WGOS
- High Point, North Carolina; United States;
- Broadcast area: Piedmont Triad
- Frequency: 1070 kHz
- Branding: 1070 AM High Point

Programming
- Language: Spanish
- Format: Christian radio

Ownership
- Owner: Iglesia Nueva Vida
- Sister stations: WDYT, WULR

History
- First air date: June 3, 1947; 79 years ago
- Call sign meaning: "Golden Oldies" (former format)

Technical information
- Licensing authority: FCC
- Facility ID: 56508
- Class: D
- Power: 1,000 watts (day)
- Translator: 97.5 W248CW (High Point)

Links
- Public license information: Public file; LMS;
- Website: cadenaradialnuevavida.com/site/wgos-1070-am/

= WGOS =

WGOS (1070 AM) is an American radio station broadcasting a Spanish Christian radio format. Licensed to High Point, North Carolina, it serves the Piedmont Triad area. The station is owned by Iglesia Nueva Vida, a national religious broadcaster.

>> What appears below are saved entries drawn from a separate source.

lemma cis_comp_X:
  assumes "0 \<notin># l" shows "cis_comp F cis_X l = F l"
proof -
  let ?B = "bounded_msets (sum_mset l)"
  have "cis_comp F cis_X l = (\<Sum>m\<in>?B. if m = l then F m else 0)"
    unfolding cis_comp_def bounded_msets_def[symmetric]
  proof (intro sum.cong refl)
    fix m assume "m \<in> ?B"
    then have "\<forall>k\<in>set (sorted_list_of_multiset m). k > 0"
      by (auto simp: bounded_msets_def)
    then show "F m * cis_prod_list (map (\<lambda>k. cis_stretch k cis_X) (sorted_list_of_multiset m)) l
        = (if m = l then F m else 0)"
      by (simp add: cis_prod_list_stretch_X cis_monomial_def)
  qed
  also have "\<dots> = F l"
    using assms partitions_subset_bounded_msets[of "sum_mset l"]
    by (auto simp: partitions_def finite_bounded_msets)
  finally show ?thesis .
qed

lemma cis_tilde_comp_X: "cis_tilde (cis_comp F cis_X) = cis_tilde F"
  by (rule fps_ext) (simp add: cis_tilde_nth partitions_def cis_comp_X)

section \<open>The cycle index series of sets\<close>

lemma zee_eq_prod_superset:
  assumes "finite A" "set_mset l \<subseteq> A"
  shows "zee l = (\<Prod>i\<in>A. of_nat i ^ count l i * fact (count l i))"
  unfolding zee_def using assms by (intro prod.mono_neutral_left) (auto simp: not_in_iff)

lemma zee_add_mset: "zee (add_mset k l) = zee l * of_nat k * of_nat (count l k + 1)"
proof -
  define A where "A = insert k (set_mset l)"
  define f where "f i c = (of_nat i :: rat) ^ c * fact c" for i c
  have A: "finite A" "k \<in> A" by (simp_all add: A_def)
  have "zee (add_mset k l) = (\<Prod>i\<in>A. f i (count (add_mset k l) i))"
    using zee_eq_prod_superset[of A "add_mset k l"] by (simp add: A_def f_def)
  also have "\<dots> = f k (count l k + 1) * (\<Prod>i\<in>A - {k}. f i (count (add_mset k l) i))"
    using A by (simp add: prod.remove)
  also have "(\<Prod>i\<in>A - {k}. f i (count (add_mset k l) i)) = (\<Prod>i\<in>A - {k}. f i (count l i))"
    by (intro prod.cong) auto
  finally have "zee (add_mset k l) = f k (count l k + 1) * (\<Prod>i\<in>A - {k}. f i (count l i))" .
  moreover have "zee l = f k (count l k) * (\<Prod>i\<in>A - {k}. f i (count l i))"
  proof -
    have "zee l = (\<Prod>i\<in>A. f i (count l i))"
      unfolding f_def by (rule zee_eq_prod_superset) (auto simp: A_def)
    then show ?thesis using A by (simp add: prod.remove)
  qed
  moreover have "f k (count l k + 1) = f k (count l k) * of_nat k * of_nat (count l k + 1)"
    by (simp add: f_def algebra_simps)
  ultimately show ?thesis by (simp add: algebra_simps)
qed

lemma zee_remove: "k \<in># l \<Longrightarrow> zee l = zee (l - {#k#}) * of_nat k * of_nat (count l k)"
  using zee_add_mset[of k "l - {#k#}"] by (simp add: insert_DiffM)

lemma zee_nonzero: "0 \<notin># l \<Longrightarrow> zee l \<noteq> 0"
  unfolding zee_def by (auto simp: prod_zero_iff)

text \<open>The coefficient of \<open>x\<^sup>n\<close> in \<open>Z\<^sub>E(\<sigma>x, \<sigma>x\<^sup>2, ...) = exp(\<sigma>(x + x\<^sup>2/2 + ...)) = (1 - x)\<^bsup>-\<sigma>\<^esup>\<close>.\<close>

definition zee_sum :: "rat \<Rightarrow> nat \<Rightarrow> rat" where
  "zee_sum \<sigma> n = (\<Sum>l\<in>partitions n. \<sigma> ^ size l / zee l)"

lemma sum_mset_eq_sum_count:
  "finite A \<Longrightarrow> set_mset l \<subseteq> A \<Longrightarrow> sum_mset l = (\<Sum>k\<in>A. count l k * (k::nat))"
proof (induction l)
  case (add x l)
  then have "(\<Sum>k\<in>A. count (add_mset x l) k * k) = (\<Sum>k\<in>A. count l k * k + (if k = x then x else 0))"
    by (intro sum.cong) auto
  with add show ?case by (simp add: sum.distrib)
qed simp

lemma zee_sum_term_remove_part:
  assumes "l \<in> partitions n"
  shows "of_nat n * (\<sigma> ^ size l / zee l)
       = (\<Sum>k\<in>set_mset l. \<sigma> * (\<sigma> ^ size (l - {#k#}) / zee (l - {#k#})))"
proof -
  have l0: "0 \<notin># l" and ln: "sum_mset l = n" using assms by (auto simp: partitions_def)
  have "\<sigma> * (\<sigma> ^ size (l - {#k#}) / zee (l - {#k#})) = \<sigma> ^ size l * (of_nat (count l k * k) / zee l)"
    if k: "k \<in># l" for k
  proof -
    have "zee (l - {#k#}) \<noteq> 0" "k \<noteq> 0"
      using zee_nonzero[OF l0] zee_remove[OF k] k l0 by auto
    moreover have "size l = Suc (size (l - {#k#}))"
      using k by (metis insert_DiffM size_add_mset)
    ultimately show ?thesis
      using zee_remove[OF k] k by (simp add: field_simps)
  qed
  then have "(\<Sum>k\<in>set_mset l. \<sigma> * (\<sigma> ^ size (l - {#k#}) / zee (l - {#k#})))
      = \<sigma> ^ size l * (of_nat (\<Sum>k\<in>set_mset l. count l k * k) / zee l)"
    by (simp add: sum_distrib_left sum_divide_distrib)
  also have "(\<Sum>k\<in>set_mset l. count l k * k) = n"
    using sum_mset_eq_sum_count[of "set_mset l" l] ln by simp
  finally show ?thesis by simp
qed

lemma partitions_remove_part_bij:
  "bij_betw (\<lambda>(l, k). (n - k, l - {#k#}))
     (SIGMA l:partitions n. set_mset l) (SIGMA j:{..<n}. partitions j)"
proof (rule bij_betw_byWitness[where f' = "\<lambda>(j, l). (add_mset (n - j) l, n - j)"])
  have "n - k < n \<and> l - {#k#} \<in> partitions (n - k)" if "l \<in> partitions n" "k \<in># l" for l k
  proof -
    have "0 \<notin># l" "sum_mset l = n" using that(1) by (auto simp: partitions_def)
    moreover have "sum_mset l = k + sum_mset (l - {#k#})" using that(2) by (simp add: sum_mset.remove)
    ultimately show ?thesis using that(2) by (auto simp: partitions_def dest: in_diffD intro!: gr0I)
  qed
  then show "(\<lambda>(l, k). (n - k, l - {#k#})) ` (SIGMA l:partitions n. set_mset l)
      \<subseteq> (SIGMA j:{..<n}. partitions j)" by auto
  show "\<forall>a\<in>SIGMA l:partitions n. set_mset l.
      (\<lambda>(j, l). (add_mset (n - j) l, n - j)) ((\<lambda>(l, k). (n - k, l - {#k#})) a) = a"
  proof
    fix a assume "a \<in> (SIGMA l:partitions n. set_mset l)"
    then obtain l k where "a = (l, k)" "k \<in># l" "k \<le> n"
      using member_le_sum_mset by (auto simp: partitions_def)
    then show "(\<lambda>(j, l). (add_mset (n - j) l, n - j)) ((\<lambda>(l, k). (n - k, l - {#k#})) a) = a"
      by simp
  qed
qed (auto simp: partitions_def)

lemma zee_sum_recurrence: "of_nat n * zee_sum \<sigma> n = \<sigma> * (\<Sum>j<n. zee_sum \<sigma> j)"
proof -
  let ?t = "\<lambda>l. \<sigma> * (\<sigma> ^ size l / zee l)"
  have "of_nat n * zee_sum \<sigma> n = (\<Sum>l\<in>partitions n. \<Sum>k\<in>set_mset l. ?t (l - {#k#}))"
    unfolding zee_sum_def sum_distrib_left by (intro sum.cong refl zee_sum_term_remove_part)
  also have "\<dots> = (\<Sum>(l, k)\<in>(SIGMA l:partitions n. set_mset l). ?t (l - {#k#}))"
    by (simp add: sum.Sigma finite_partitions)
  also have "\<dots> = (\<Sum>x\<in>(SIGMA l:partitions n. set_mset l).
                        (\<lambda>(j, l). ?t l) ((\<lambda>(l, k). (n - k, l - {#k#})) x))"
    by (intro sum.cong) auto
  also have "\<dots> = (\<Sum>(j, l)\<in>(SIGMA j:{..<n}. partitions j). ?t l)"
    by (rule sum.reindex_bij_betw[OF partitions_remove_part_bij])
  also have "\<dots> = \<sigma> * (\<Sum>j<n. zee_sum \<sigma> j)"
    by (simp add: sum.Sigma[symmetric] finite_partitions zee_sum_def sum_distrib_left)
  finally show ?thesis .
qed

lemma zee_sum_0: "zee_sum \<sigma> 0 = 1"
  by (simp add: zee_sum_def partitions_0 zee_def)

lemma zee_sum_one: "zee_sum 1 n = 1"
proof (induction n rule: less_induct)
  case (less n)
  show ?case
  proof (cases n)
    case (Suc m)
    have "of_nat n * zee_sum 1 n = of_nat n"
      using zee_sum_recurrence[of n 1] less by simp
    then show ?thesis using Suc by simp
  qed (simp add: zee_sum_0)
qed

lemma zee_sum_minus_one: "zee_sum (-1) n = (if n = 0 then 1 else if n = 1 then -1 else 0)"
proof (induction n rule: less_induct)
  case (less n)
  have sum_initial: "(\<Sum>j<m. if j = 0 then 1 else if j = 1 then -1 else 0 :: rat) = of_bool (m = 1)" for m :: nat
    by (induction m) auto
  show ?case
  proof (cases n)
    case (Suc m)
    have "of_nat n * zee_sum (-1) n = - of_bool (n = 1)"
      using zee_sum_recurrence[of n "-1"] less sum_initial[of n] by simp
    then show ?thesis using Suc by (auto split: if_splits)
  qed (simp add: zee_sum_0)
qed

WGOS is a daytimer station. By day, it is powered at 1,000 watts, using a non-directional antenna. But because 1070 AM is a clear channel frequency reserved for Class A KNX in Los Angeles, WGOS must sign off at night to avoid interference. Programming is heard around the clock on 100 watt FM translator W248CW at 97.5 MHz in High Point.

==History==
WHPE 1070 AM began broadcasting June 3, 1947. It and 95.5 FM were originally owned by the High Point Enterprise daily newspaper. The station was religious in the 1960s and then played Top 40.

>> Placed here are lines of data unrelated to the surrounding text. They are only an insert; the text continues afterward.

lemma dyadic_weight_times_power:
  "\<forall>k\<in>set ns. k \<le> n \<Longrightarrow> \<exists>K::nat. dyadic_weight ns * 2 ^ n = real K"
proof (induction ns)
  case (Cons k ns)
  then obtain K :: nat where "dyadic_weight ns * 2 ^ n = real K"
    by auto
  moreover have "(1/2::real) ^ k * 2 ^ n = real (2 ^ (n - k))"
    using Cons.prems by (simp add: half_power_times_power)
  ultimately have "dyadic_weight (k # ns) * 2 ^ n = real (2 ^ (n - k) + K)"
    by (simp add: distrib_right)
  then show ?case
    by blast
qed simp

(* Both dyadic_weight ns and 2^-m are multiples of 2^-n, so a gap of 2^-(n+1) between them is
   already a gap of 2^-n. *)
lemma dyadic_weight_round_up:
  assumes "\<forall>k\<in>set ns. k \<le> n" "m \<le> n" "dyadic_weight ns + (1/2) ^ Suc n \<le> (1/2) ^ m"
  shows "dyadic_weight ns + (1/2) ^ n \<le> (1/2) ^ m"
proof -
  obtain K :: nat where K: "dyadic_weight ns * 2 ^ n = real K"
    using dyadic_weight_times_power[OF assms(1)] by blast
  have "(dyadic_weight ns + (1/2) ^ Suc n) * 2 ^ n \<le> (1/2) ^ m * 2 ^ n"
    using assms(3) by (rule mult_right_mono) simp
  then have "real K + 1/2 \<le> 2 ^ (n - m)"
    using K half_power_times_power[OF assms(2)] half_power_times_power[of n n]
    by (simp add: distrib_right)
  then have "real K < real (2 ^ (n - m))"
    by (simp only: of_nat_power of_nat_numeral)
  then have "real (Suc K) \<le> real (2 ^ (n - m))"
    by (simp only: of_nat_less_iff of_nat_le_iff Suc_le_eq)
  then have "real K + 1 \<le> 2 ^ (n - m)"
    by simp
  then have "(dyadic_weight ns + (1/2) ^ n) * 2 ^ n \<le> (1/2) ^ m * 2 ^ n"
    using K half_power_times_power[OF assms(2)] half_power_times_power[of n n]
    by (simp add: distrib_right)
  then show ?thesis
    by simp
qed

lemma dyadic_weight_merge:
  assumes "Suc n \<in> set ns" "Suc n \<in> set (remove1 (Suc n) ns)"
  shows "dyadic_weight (n # remove1 (Suc n) (remove1 (Suc n) ns)) = dyadic_weight ns"
  using dyadic_weight_remove1[OF assms(1)] dyadic_weight_remove1[OF assms(2)] by simp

In 1974, the FM station was purchased by the Bible Broadcasting Network, based in Charlotte, North Carolina, as the network's second station. The AM station switched its call sign to WGOS under local ownership, while the FM station continues using the call letters WHPE-FM.

In 1990, WGOS was playing "golden oldies". From 1992 until 1995, WGOS was a talk radio station. By 1997, the station was airing a mix of gospel music, country music and Spanish language programming.

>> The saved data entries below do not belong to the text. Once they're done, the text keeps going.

(* Every state $\rho\in\mathrm{co}(\mathcal U)$ satisfies $|\rho_{ij}|\le\min\{\rho_{ii},\rho_{jj}\}$ for all pairs of indices $i,j$. Consequently, the only pure states in $\mathrm{co}(\mathcal U)$ are the uniformly coherent ones.
   Context: Fixed computational basis $\{|i\rangle\}_{i=1}^d$. $\mathcal U_k$ is the set of uniformly coherent states $|\Psi\rangle=k^{-1/2}\sum_{j\in J}e^{i\theta_j}|j\rangle$, $|J|=k$, $\theta_j\in\mathbb R$; $\mathcal U=\bigcup_{k=1}^d\mathcal U_k$ (as density matrices), and $\mathrm{co}(\mathcal U)$ its convex hull. A pure state is uniformly coherent if it lies in $\mathcal U$. *)

theory Defs
  imports "HOL-Analysis.Analysis"
begin

text \<open>States on C^d, with the computational basis indexed by a finite type 'n (d = CARD('n)).
  Density matrices are elements of complex^'n^'n; rho $ i $ j is the (i,j) entry.\<close>

definition ket_bra :: "complex ^'n \<Rightarrow> complex ^'n ^'n" where
  "ket_bra \<psi> = (\<chi> i j. \<psi> $ i * cnj (\<psi> $ j))"

definition unif_vec :: "'n::finite set \<Rightarrow> ('n \<Rightarrow> real) \<Rightarrow> complex ^'n" where
  "unif_vec J \<theta> = (\<chi> j. if j \<in> J then cis (\<theta> j) / complex_of_real (sqrt (real (card J))) else 0)"

definition unif_coherent :: "(complex ^'n::finite ^'n) set" where
  "unif_coherent = {ket_bra (unif_vec J \<theta>) | J \<theta>. J \<noteq> {}}"

definition pure_state :: "complex ^'n::finite ^'n \<Rightarrow> bool" where
  "pure_state \<rho> \<longleftrightarrow> (\<exists>\<phi>::complex^'n. (\<Sum>i\<in>UNIV. (cmod (\<phi> $ i))\<^sup>2) = 1 \<and> \<rho> = ket_bra \<phi>)"

end

theory Submission
  imports Defs
begin

text \<open>The inequalities |\<rho>_ij| \<le> \<rho>_ii, \<rho>_jj are preserved under convex combinations, and a rank-one
  matrix |\<psi>\<rangle>\<langle>\<psi>| satisfies them exactly when all nonzero amplitudes of \<psi> have the same modulus.
  Uniformly coherent states have this property, so the whole convex hull satisfies the
  inequalities; conversely a normalised \<psi> whose nonzero amplitudes share one modulus c has
  c = 1/sqrt k on its support of size k, i.e. it is uniformly coherent.\<close>

lemma ket_bra_nth: "ket_bra v $ i $ j = v $ i * cnj (v $ j)"
  by (simp add: ket_bra_def)

lemma norm_ket_bra_nth: "cmod (ket_bra v $ i $ j) = cmod (v $ i) * cmod (v $ j)"
  by (simp add: ket_bra_nth norm_mult)

lemma Re_ket_bra_diag: "Re (ket_bra v $ i $ i) = (cmod (v $ i))\<^sup>2"
  by (simp add: ket_bra_nth flip: complex_norm_square)

definition diag_dominated :: "(complex ^'n ^'n) set" where
  "diag_dominated =
     {\<rho>. \<forall>i j. cmod (\<rho> $ i $ j) \<le> Re (\<rho> $ i $ i) \<and> cmod (\<rho> $ i $ j) \<le> Re (\<rho> $ j $ j)}"

lemma convex_diag_dominated: "convex diag_dominated"
  unfolding convex_def
proof (intro ballI allI impI)
  fix x y :: "complex ^'n ^'n" and u v :: real
  assume x: "x \<in> diag_dominated" and y: "y \<in> diag_dominated"
    and u: "0 \<le> u" and v: "0 \<le> v" and "u + v = 1"
  have "cmod ((u *\<^sub>R x + v *\<^sub>R y) $ i $ j) \<le> Re ((u *\<^sub>R x + v *\<^sub>R y) $ k $ k)"
    if "k = i \<or> k = j" for i j k
  proof -
    have "cmod ((u *\<^sub>R x + v *\<^sub>R y) $ i $ j) \<le> u * cmod (x $ i $ j) + v * cmod (y $ i $ j)"
      using norm_triangle_ineq[of "u *\<^sub>R x $ i $ j" "v *\<^sub>R y $ i $ j"] u v by simp
    also have "\<dots> \<le> u * Re (x $ k $ k) + v * Re (y $ k $ k)"
      using x y that u v by (intro add_mono mult_left_mono) (auto simp: diag_dominated_def)
    finally show ?thesis by simp
  qed
  then show "u *\<^sub>R x + v *\<^sub>R y \<in> diag_dominated"
    by (simp add: diag_dominated_def)
qed

lemma ket_bra_diag_dominated_iff:
  "ket_bra v \<in> diag_dominated \<longleftrightarrow>
     (\<forall>i j. v $ i \<noteq> 0 \<longrightarrow> v $ j \<noteq> 0 \<longrightarrow> cmod (v $ i) = cmod (v $ j))"
proof -
  have "cmod (v $ i) * cmod (v $ j) \<le> (cmod (v $ i))\<^sup>2 \<and> cmod (v $ i) * cmod (v $ j) \<le> (cmod (v $ j))\<^sup>2
        \<longleftrightarrow> (v $ i \<noteq> 0 \<longrightarrow> v $ j \<noteq> 0 \<longrightarrow> cmod (v $ i) = cmod (v $ j))" for i j
    by (cases "v $ i = 0"; cases "v $ j = 0") (auto simp: power2_eq_square)
  then show ?thesis
    by (simp add: diag_dominated_def norm_ket_bra_nth Re_ket_bra_diag)
qed

lemma norm_unif_vec_nth:
  "cmod (unif_vec J \<theta> $ i) = (if i \<in> J then 1 / sqrt (real (card J)) else 0)"
  by (simp add: unif_vec_def norm_divide)

lemma unif_vec_nth_outside: "i \<notin> J \<Longrightarrow> unif_vec J \<theta> $ i = 0"
  by (simp add: unif_vec_def)

lemma unif_coherent_subset_diag_dominated: "unif_coherent \<subseteq> diag_dominated"
proof
  fix \<rho> :: "complex ^'n ^'n"
  assume "\<rho> \<in> unif_coherent"
  then obtain J \<theta> where \<rho>: "\<rho> = ket_bra (unif_vec J \<theta>)"
    by (auto simp: unif_coherent_def)
  have "ket_bra (unif_vec J \<theta>) \<in> diag_dominated"
    unfolding ket_bra_diag_dominated_iff
  proof (intro allI impI)
    fix i j
    assume "unif_vec J \<theta> $ i \<noteq> 0" "unif_vec J \<theta> $ j \<noteq> 0"
    then have "i \<in> J" "j \<in> J"
      using unif_vec_nth_outside by metis+
    then show "cmod (unif_vec J \<theta> $ i) = cmod (unif_vec J \<theta> $ j)"
      by (simp add: norm_unif_vec_nth)
  qed
  then show "\<rho> \<in> diag_dominated"
    by (simp add: \<rho>)
qed

lemma eq_unif_vecI:
  fixes \<phi> :: "complex ^'n::finite"
  assumes unit: "(\<Sum>i\<in>UNIV. (cmod (\<phi> $ i))\<^sup>2) = 1"
    and flat: "\<And>i j. \<phi> $ i \<noteq> 0 \<Longrightarrow> \<phi> $ j \<noteq> 0 \<Longrightarrow> cmod (\<phi> $ i) = cmod (\<phi> $ j)"
  defines "J \<equiv> {i. \<phi> $ i \<noteq> 0}"
  shows "J \<noteq> {}" and "\<phi> = unif_vec J (\<lambda>j. Arg (\<phi> $ j))"
proof -
  show "J \<noteq> {}"
  proof
    assume "J = {}"
    then show False
      using unit by (simp add: J_def)
  qed
  then obtain i0 where i0: "i0 \<in> J" by blast
  define c where "c = cmod (\<phi> $ i0)"
  have norm_J: "cmod (\<phi> $ i) = c" if "i \<in> J" for i
    using flat[of i i0] that i0 by (simp add: J_def c_def)
  have "1 = (\<Sum>i\<in>UNIV. (cmod (\<phi> $ i))\<^sup>2)"
    using unit ..
  also have "\<dots> = (\<Sum>i\<in>J. (cmod (\<phi> $ i))\<^sup>2)"
    by (rule sum.mono_neutral_right) (auto simp: J_def)
  also have "\<dots> = real (card J) * c\<^sup>2"
    using norm_J by simp
  finally have "sqrt (real (card J) * c\<^sup>2) = 1"
    by simp
  then have sqrt_c: "sqrt (real (card J)) * c = 1"
    by (simp add: real_sqrt_mult c_def)
  then have "sqrt (real (card J)) \<noteq> 0"
    by auto
  with sqrt_c have c: "c = 1 / sqrt (real (card J))"
    by (simp add: field_simps)
  show "\<phi> = unif_vec J (\<lambda>j. Arg (\<phi> $ j))"
    unfolding vec_eq_iff
  proof
    fix j
    show "\<phi> $ j = unif_vec J (\<lambda>j. Arg (\<phi> $ j)) $ j"
    proof (cases "j \<in> J")
      case True
      then show ?thesis
        using rcis_cmod_Arg[of "\<phi> $ j"] norm_J[OF True] c
        by (simp add: unif_vec_def rcis_def)
    qed (simp add: unif_vec_def J_def)
  qed
qed

theorem lemma12:
  shows "(\<forall>\<rho> \<in> convex hull (unif_coherent :: (complex ^'n::finite ^'n) set).
            \<forall>i j. cmod (\<rho> $ i $ j) \<le> min (Re (\<rho> $ i $ i)) (Re (\<rho> $ j $ j)))
       \<and> (\<forall>\<rho> :: complex ^'n ^'n. pure_state \<rho> \<and> \<rho> \<in> convex hull unif_coherent
            \<longrightarrow> \<rho> \<in> unif_coherent)"
proof -
  have hull: "convex hull (unif_coherent :: (complex ^'n ^'n) set) \<subseteq> diag_dominated"
    using unif_coherent_subset_diag_dominated convex_diag_dominated by (rule hull_minimal)
  have "\<rho> \<in> unif_coherent"
    if pure: "pure_state \<rho>" and in_hull: "\<rho> \<in> convex hull unif_coherent" for \<rho> :: "complex ^'n ^'n"
  proof -
    obtain \<phi> where unit: "(\<Sum>i\<in>UNIV. (cmod (\<phi> $ i))\<^sup>2) = 1" and \<rho>: "\<rho> = ket_bra \<phi>"
      using pure unfolding pure_state_def by blast
    have "ket_bra \<phi> \<in> diag_dominated"
      using in_hull hull \<rho> by blast
    then have flat: "\<phi> $ i \<noteq> 0 \<Longrightarrow> \<phi> $ j \<noteq> 0 \<Longrightarrow> cmod (\<phi> $ i) = cmod (\<phi> $ j)" for i j
      unfolding ket_bra_diag_dominated_iff by blast
    obtain J \<theta> where "J \<noteq> {}" and "\<phi> = unif_vec J \<theta>"
      using eq_unif_vecI[OF unit flat] by (rule that)
    then show ?thesis
      unfolding \<rho> unif_coherent_def by auto
  qed
  moreover have "cmod (\<rho> $ i $ j) \<le> min (Re (\<rho> $ i $ i)) (Re (\<rho> $ j $ j))"
    if "\<rho> \<in> convex hull unif_coherent" for \<rho> :: "complex ^'n ^'n" and i j
  proof -
    have "\<rho> \<in> diag_dominated"
      using that hull by blast
    then show ?thesis
      by (simp add: diag_dominated_def)
  qed
  ultimately show ?thesis
    by auto
qed

end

On February 3, 2003, veteran radio host Dusty Dunn made his debut on WGOS, more than a year after leaving WWBG when it made a format change to Spanish programming. As he did on WWBG, he talked about politics and issues, interviewed local leaders, and took phone calls from listeners. In order to convince station management to hire him, Dunn sold his own advertising. Also in 2003, WGOS moved its studio to Greensboro. Starting in 2006, the show focused primarily on sports, with Jim Modlin as co-host. On May 30, 2008, Dunn retired after 44 years in Greensboro area radio.

Ritchy Broadcasting owned the station prior to its sale to High Point-based religious broadcaster Iglesia Nueva Vida.